Introduction
Over the last couple of years developments of magnetic resonance imaging (MRI) hardware
and software enabled the acquisition of high-quality images using fast imaging with
steady-state precession (True-FISP) [1]
[2]
[3]. With this technique, a high contrast between blood (hyperintense) and muscle (hypointense,
i. e. myocardium) has been reported. Due to the intrinsic T1/T2 contrast in True-FISP
[2]
[4]
[5], neither exogenous contrast agents nor pre-pulses are needed. Optimal image quality
with reduced artifacts in True-FISP sequences can be achieved using a minimally short
repetition time (TR) during the steady-state of the signal [1]

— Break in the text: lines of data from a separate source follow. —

lemma children_depth:
  assumes "c \<in> children V r par a"
  shows "depth r par c = Suc (depth r par a)"
  using assms depth_parent unfolding children_def by auto

lemma anc_child:
  assumes "c \<in> children V r par a"
  shows "anc r par c = insert c (anc r par a)"
  using assms anc_parent unfolding children_def by auto

lemma notin_children: "a \<notin> children V r par a"
  using children_depth by fastforce

lemma notin_desc_child:
  assumes "a \<in> V" "c \<in> children V r par a"
  shows "a \<notin> desc V r par c"
proof
  assume "a \<in> desc V r par c"
  then have "c = a \<or> depth r par c < depth r par a"
    using anc_depth_less[OF assms(1)] unfolding desc_def by blast
  then show False using children_depth[OF assms(2)] by auto
qed

lemma disjoint_family_desc_children: "disjoint_family_on (desc V r par) (children V r par a)"
  unfolding disjoint_family_on_def
proof (intro ballI impI, rule ccontr)
  fix c c' assume c: "c \<in> children V r par a" and c': "c' \<in> children V r par a" and "c \<noteq> c'"
    and "desc V r par c \<inter> desc V r par c' \<noteq> {}"
  then obtain q where q: "q \<in> V" "c \<in> anc r par q" "c' \<in> anc r par q"
    unfolding desc_def by blast
  have "c \<in> V" "c' \<in> V" using c c' unfolding children_def by auto
  then have "c = c' \<or> depth r par c < depth r par c' \<or> depth r par c' < depth r par c"
    using anc_chain[OF q] anc_depth_less by blast
  then show False using \<open>c \<noteq> c'\<close> children_depth[OF c] children_depth[OF c'] by simp
qed

lemma ex_child_on_path:
  assumes "v \<in> desc V r par a" "v \<noteq> a"
  shows "\<exists>c\<in>children V r par a. v \<in> desc V r par c"
proof -
  have "v \<in> V \<Longrightarrow> a \<in> anc r par v \<Longrightarrow> v \<noteq> a \<Longrightarrow> \<exists>c\<in>children V r par a. c \<in> anc r par v"
  proof (induction v rule: tree_induct)
    case (parent v)
    then have "a \<in> anc r par (par v)"
      using parent.prems unfolding anc_parent[OF parent.hyps(1,2)] by simp
    show ?case
    proof (cases "par v = a")
      case True
      then show ?thesis using parent.hyps self_anc[of v r par] unfolding children_def by blast
    next
      case False
      then obtain c where "c \<in> children V r par a" "c \<in> anc r par (par v)"
        using parent.IH \<open>a \<in> anc r par (par v)\<close> by blast
      then show ?thesis unfolding anc_parent[OF parent.hyps(1,2)] by blast
    qed
  qed simp
  then show ?thesis using assms unfolding desc_def by blast
qed

lemma desc_eq_insert_UN_children:
  assumes "a \<in> V"
  shows "desc V r par a = insert a (\<Union>c\<in>children V r par a. desc V r par c)"
proof (intro equalityI subsetI)
  fix v assume v: "v \<in> desc V r par a"
  show "v \<in> insert a (\<Union>c\<in>children V r par a. desc V r par c)"
  proof (cases "v = a")
    case False
    then obtain c where "c \<in> children V r par a" "v \<in> desc V r par c"
      using ex_child_on_path v by blast
    then show ?thesis by blast
  qed simp
next
  fix v assume "v \<in> insert a (\<Union>c\<in>children V r par a. desc V r par c)"
  then consider "v = a" | c where "c \<in> children V r par a" "v \<in> desc V r par c" by blast
  then show "v \<in> desc V r par a"
  proof cases
    case 1
    then show ?thesis using assms unfolding desc_def by simp
  next
    case (2 c)
    then have "v \<in> V" "c \<in> anc r par v" unfolding desc_def by auto
    moreover have "a \<in> anc r par c" using anc_child[OF 2(1)] by simp
    ultimately show ?thesis using anc_trans unfolding desc_def by blast
  qed
qed

lemma off_path_in_desc_child:
  assumes "v \<in> V" "v \<notin> anc r par a" "c \<in> children V r par a"
    and "desc V r par c \<inter> desc V r par v \<noteq> {}"
  shows "v \<in> desc V r par c"
proof -
  obtain q where q: "q \<in> V" "c \<in> anc r par q" "v \<in> anc r par q"
    using assms(4) unfolding desc_def by blast
  have "c \<in> V" using assms(3) unfolding children_def by blast
  have "c \<in> anc r par v \<or> v = c"
    using anc_chain[OF q] anc_child[OF assms(3)] assms(2) by blast
  then show ?thesis
    using assms(1) \<open>c \<in> V\<close> self_anc[of c r par] unfolding desc_def by blast
qed

lemma branch_child: "c \<in> children V r par a \<Longrightarrow> branch V r par a c = desc V r par c"
  using notin_children unfolding branch_def by auto

lemma desc_eq_UN_branch:
  assumes "a \<in> V"
  shows "desc V r par a = (\<Union>i\<in>insert a (children V r par a). branch V r par a i)"
  using desc_eq_insert_UN_children[OF assms] by (simp add: branch_child branch_def[of _ _ _ a a])

lemma disjoint_family_branch:
  assumes "a \<in> V"
  shows "disjoint_family_on (branch V r par a) (insert a (children V r par a))"
proof -
  have "disjoint_family_on (branch V r par a) (children V r par a)"
    using disjoint_family_desc_children unfolding disjoint_family_on_def by (simp add: branch_child)
  moreover have "branch V r par a a \<inter> (\<Union>c\<in>children V r par a. branch V r par a c) = {}"
    using notin_desc_child[OF assms] by (auto simp: branch_child branch_def[of _ _ _ a a])
  ultimately show ?thesis
    using disjoint_family_on_insert[OF notin_children] by blast
qed

lemma branch_meets_desc_unique:
  assumes a: "a \<in> V" and v: "v \<in> V" "v \<notin> anc r par a"
    and i: "i \<in> insert a (children V r par a)" "branch V r par a i \<inter> desc V r par v \<noteq> {}"
    and j: "j \<in> insert a (children V r par a)" "branch V r par a j \<inter> desc V r par v \<noteq> {}"
  shows "i = j"
proof -
  have "a \<notin> desc V r par v" using v(2) unfolding desc_def by blast
  then have "k \<in> children V r par a \<and> v \<in> desc V r par k"
    if "k \<in> insert a (children V r par a)" "branch V r par a k \<inter> desc V r par v \<noteq> {}" for k
    using that off_path_in_desc_child[OF v] notin_children unfolding branch_def
    by (auto split: if_splits)
  then have "i \<in> children V r par a" "j \<in> children V r par a"
    and "v \<in> desc V r par i \<inter> desc V r par j"
    using i j by blast+
  then show ?thesis
    using disjoint_family_desc_children unfolding disjoint_family_on_def by blast
qed

lemma Wt_eq_sum_hit:
  assumes "U \<subseteq> V"
  shows "Wt r par w U = (\<Sum>v\<in>V - {r}. if U \<inter> desc V r par v = {} then 0 else w v)"
proof -
  have "(\<Union>q\<in>U. anc r par q) - {r} = {v \<in> V - {r}. U \<inter> desc V r par v \<noteq> {}}"
    using assms anc_subset unfolding desc_def by blast
  then have "Wt r par w U = sum w {v \<in> V - {r}. U \<inter> desc V r par v \<noteq> {}}"
    unfolding Wt_def by simp
  also have "\<dots> = (\<Sum>v\<in>V - {r}. if U \<inter> desc V r par v \<noteq> {} then w v else 0)"
    using finite_tree by (intro sum.inter_filter) simp
  also have "\<dots> = (\<Sum>v\<in>V - {r}. if U \<inter> desc V r par v = {} then 0 else w v)"
    by (rule sum.cong) auto
  finally show ?thesis .
qed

[3]. In addition to this, the intrinsic flow compensation of True-FISP in all three
spatial coordinates allows for suppression of artifacts originating from constant
flow [5]. Utilizing increased gradient performance as now available on clinical MR-scanners,
short TR and TE became feasible even for high resolution True-FISP sequences. The
high spatial resolution in conjunction with the intrinsic high signal of blood independent
of flow makes True-FISP a potentially favorable imaging sequence for MR-venography.
Furthermore, fast data acquisition in True-FISP sequences might allow for axial slice
orientations with improved delineation of thrombus head configuration in sufficiently
short acquisition times.
Methods
High resolution True-FISP-venography was implemented on a commercial 1.5 T Gyroscan
ACS-NT whole body MR system (Philips Medical Systems, Best, NL) equipped with cardiac
software (INCA2) and a commercially available PowerTrak®6000 gradient system (23 mT/m,
219 µs rise time). For signal acquisition, a commercial 4-element body synergy coil
was positioned at the level of the pelvis and vena cava inferior. Signal from the
lower extremities was obtained using a second (5-element) synergy coil. Using both
coils and a floating table with a step by step technique, data were acquired from
the whole region of interest (crus to infra-renal vena cava) without repositioning
of the patient. All subjects were examined in the supine position.
Scout scanning
For localization of the venous blood stream, a multi stack 2 D True-FISP scout scan
was used (TE 1.2 ms, 128 × 128 matrix, 440 mm field-of-view, 27 slices, slice thickness
10 mm, acquisition time 8 sec).
Imaging sequence for True-FISP MR-venography
MR-venography was acquired using a 2 D True-FISP imaging sequence with a centric ordered
k-space acquisition scheme, a TR of 5.0 ms and a TE of 2.5 ms. A constant excitation
angle of 85° was applied. Because steady state conditions are important for image
quality in True-FISP, 20 start-up cycles preceded the imaging portion of the sequence.
The field-of-view was 440 mm with a 512 × 512 scan matrix, resulting in an in-plane
resolution of 860 × 860 µm2. The slice thickness was 5 mm. For the pelvis two stacks with 20 slices each were
acquired asking the patient to take shallow breaths only to minimize breathing artifacts.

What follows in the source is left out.